Cursory Comments No. 13
CC12 examined the Principal Paper presented at the WAPS Conference (Oslo Aug 04) by H.L.D. Mahindapala under the title "A North-South Conflict?" . It was stated there that the other Papers will be examined in a subsequent Essay. The other Papers vary greatly in quality and relevance and considering them all in a single Essay may not be appropriate. Accordingly only those Papers worthy of comment will be considered in separate issues of the "Cursory Comments" series, beginning with the Paper by Paul Harris.
WAPS-2: Paul Harris on Appeasement
of the LTTE
The WAPS one-day Conference held in Oslo 21 August 2004 consisted of a series of Papers and presentations and some other supporting material. The present writer did not attend the Conference and these comments are based on the Papers presented at the Conference as carried on the Norwegian website senter.no. The principal paper "The North-South Conflict" was commented on by me in CC 12. This Essay deals with the Paper by Paul Harris entitled "The Appeasement of Terrorism: Doomed to Failure". Some of the other Papers will be considered in subsequent Essays in this Series as time permits.
Harris' Three Propositions
Harris has conveniently summarized the three conclusions of his Paper as follows:
H1: "The LTTE and its leader Prabhakaran remain unreformed terrorists
It may be worthwhile to delve a little more into the implications of Harris' three propositions.
H1: "Unreformed terrorism"
All this changed after the "9/11" attacks in the US. Now terrorism was immediately raised into a high priority by the West, and terrorists came to be seen everywhere. Curiously it was at this time that Sri Lanka changed its tune. Now the LTTE terrorists suddenly became bona fide political agitators who had, after all, legitimate grievances. Both the Ranil W. and Chandrika K. governments have been fully behind these attempts to whitewash the LTTE terrorists. Thus once again SL was at odds with international opinion, although for a totally different reason.

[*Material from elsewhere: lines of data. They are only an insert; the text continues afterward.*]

lemma exists_admissible_gen_exp_le_coarse_type:
  fixes x :: "'e::finite \<Rightarrow> real"
  assumes "bases ends \<noteq> {}"
  obtains "is" where "admissible ends is"
    and "\<And>j. j < length is \<Longrightarrow> gen_exp ends is j \<le> coarse_type ends x (is ! j)"
proof -
  obtain xs where xs: "distinct xs" "set xs = {i. Max (range x) - 1 < x i}"
    "sorted_wrt (\<lambda>a b. x b \<le> x a) xs"
  proof -
    obtain ys where "distinct ys" and "set ys = {i. Max (range x) - 1 < x i}"
      using finite_distinct_list[of "{i. Max (range x) - 1 < x i}"] by auto
    moreover have "sorted_wrt (\<lambda>a b. x b \<le> x a) (sort_key (\<lambda>i. - x i) ys)"
      using sorted_sort_key[of "\<lambda>i. - x i" ys] by (simp add: sorted_map)
    ultimately show thesis
      using that[of "sort_key (\<lambda>i. - x i) ys"] by simp
  qed
  note top = xs(2,3)
  obtain n where n: "0 < n" "n \<le> length xs" "admissible ends (take n xs)"
    and avoid: "bIJ ends {} (set (take n xs)) \<le> bIJ ends {} (set xs)"
    using exists_admissible_prefix[OF assms top_layer_nonempty[OF top] xs(1)] .
  have "gen_exp ends (take n xs) j \<le> coarse_type ends x (take n xs ! j)" if "j < length (take n xs)" for j
  proof (cases "j = 0")
    case True
    then show ?thesis
      using n avoid bIJ_head_le_coarse_type[OF top, of ends] by (simp add: gen_exp_def)
  next
    case False
    then show ?thesis
      using that bIJ_first_in_basis_le_coarse_type[OF top, of j ends] by (simp add: gen_exp_def)
  qed
  then show thesis
    using that n(3) by blast
qed

lemma bases_nonempty:
  fixes ends :: "'e::finite \<Rightarrow> 'v set"
  assumes "connects ends UNIV"
  shows "bases ends \<noteq> {}"
proof -
  obtain F where F: "connects ends F" and F_min: "\<And>G. connects ends G \<Longrightarrow> card F \<le> card G"
    using ex_has_least_nat[of "connects ends" UNIV card] assms by blast
  have "\<not> connects ends (F - {e})" if "e \<in> F" for e
    using F_min[of "F - {e}"] card_Diff1_less[OF finite that] by linarith
  then have "spanning_tree ends F"
    using F by (simp add: spanning_tree_def)
  then show ?thesis
    by (auto simp: bases_def)
qed

theorem mainTheorem2:
  fixes ends :: "'e::finite \<Rightarrow> 'v::finite set"
  assumes "simple_graph ends"
    and "connects ends UNIV"
    and "bridgeless ends"
  shows "(coarse_type_ideal ends :: ('e, 'k::field) mpoly set)
           = ideal_gen {gen_monom ends is | is. admissible ends is}"
  unfolding coarse_type_ideal_def
proof (rule ideal_gen_eqI)
  fix s :: "('e, 'k) mpoly"
  assume "s \<in> {monom (coarse_type ends p) | p. True}"
  then obtain p where s: "s = monom (coarse_type ends p)"
    by blast
  obtain "is" where adm: "admissible ends is"
    and le: "\<And>j. j < length is \<Longrightarrow> gen_exp ends is j \<le> coarse_type ends p (is ! j)"
    using exists_admissible_gen_exp_le_coarse_type[OF bases_nonempty[OF assms(2)], where x = p]
    by blast
  have "distinct is"
    using adm by (simp add: admissible_def)
  then obtain q where "s = q * gen_monom ends is"
    unfolding s using gen_monom_dvd_monom le by blast
  then show "\<exists>t\<in>{gen_monom ends is | is. admissible ends is}. \<exists>q. s = q * t"
    using adm by blast
next
  fix t :: "('e, 'k) mpoly"
  assume "t \<in> {gen_monom ends is | is. admissible ends is}"
  then obtain "is" where t: "t = gen_monom ends is" and dist: "distinct is" and "is \<noteq> []"
    by (auto simp: admissible_def)
  then obtain q where "t = q * monom (coarse_type ends (staircase is))"
    using monom_dvd_gen_monom[OF dist coarse_type_staircase_outside coarse_type_staircase_le_gen_exp]
    by blast
  then show "\<exists>s\<in>{monom (coarse_type ends p) | p. True}. \<exists>q. t = q * s"
    by blast
qed

end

There has been no change of any sort in the LTTE position which would justify the SL governments changing their tune. The LTTE remain in Harris' term "unreformed terrorists". Success came to the LTTE because of their terrorism. When compared to the SL government during the phase that the SL government was militarily engaged with the terrorists the balance of advantage lay completely with the SL government. They had a larger population from which to recruit combatants. They had full change of the finances of the nation which far exceeded the funds which the LTTE was able to raise from the Tamil Diaspora and their illegal activities. Moreover the propaganda advantage would have been with the SL government because they had not only law but also justice on their side. Yet despite these advantages they failed miserably in their war with the LTTE and has finally been forced to surrender the to the LTTE.
The critical advantage which the LTTE had was their terrorism. They were the first terrorist group to pioneer suicide terrorism. They used these suicide bombers not only to carry out attacks against civilians but also against political leaders. In addition suicide attacks were deployed in military engagements both on land and on sea. It is therefore unlikely that the LTTE would give up this weapons that has struck terror to the Government and indeed the people of the South. So the LTTE has not disbanded its squad of "Black Tigers", and indeed has increased its size. They have no reason to give up terrorism in spite of whatever the political leaders of the 'South' may say.
H2: "Preparation for War"
But the attitude of the SL Government is totally different. They have no second line of action as they have not only expressly renounced the military solution but have allowed their military capability to be so downgraded that they may be incapable of resuming the military struggle even if they want to.
This difference of attitude to the peace process is also seen in their respective attitudes to the external "monitor" to the process which is now Norway the long-standing ally of the terrorists, who is also the quasi-official delegate of the International Community. So the LTTE despite the fact that the "independent monitor" is really on their side does not rely too much on this monitor as they are confident in their own military efforts to secure their objectives should it come to a real fight. On the other hand the SL Government, despite the fact that the monitor is not on their side, is totally beholden to the monitor! They have build up the myth that the Monitor is indeed an independent authority despite the proven fact that they are supporters of the LTTE. This shows the blind eye which the Monitor has shown to the numerous violations of the MOU by the LTTE despite the fact that the SL government has gone even beyond what they had agreed to observe in order to please both the Monitor and the LTTE. This is another curious fact that characterize this peace process.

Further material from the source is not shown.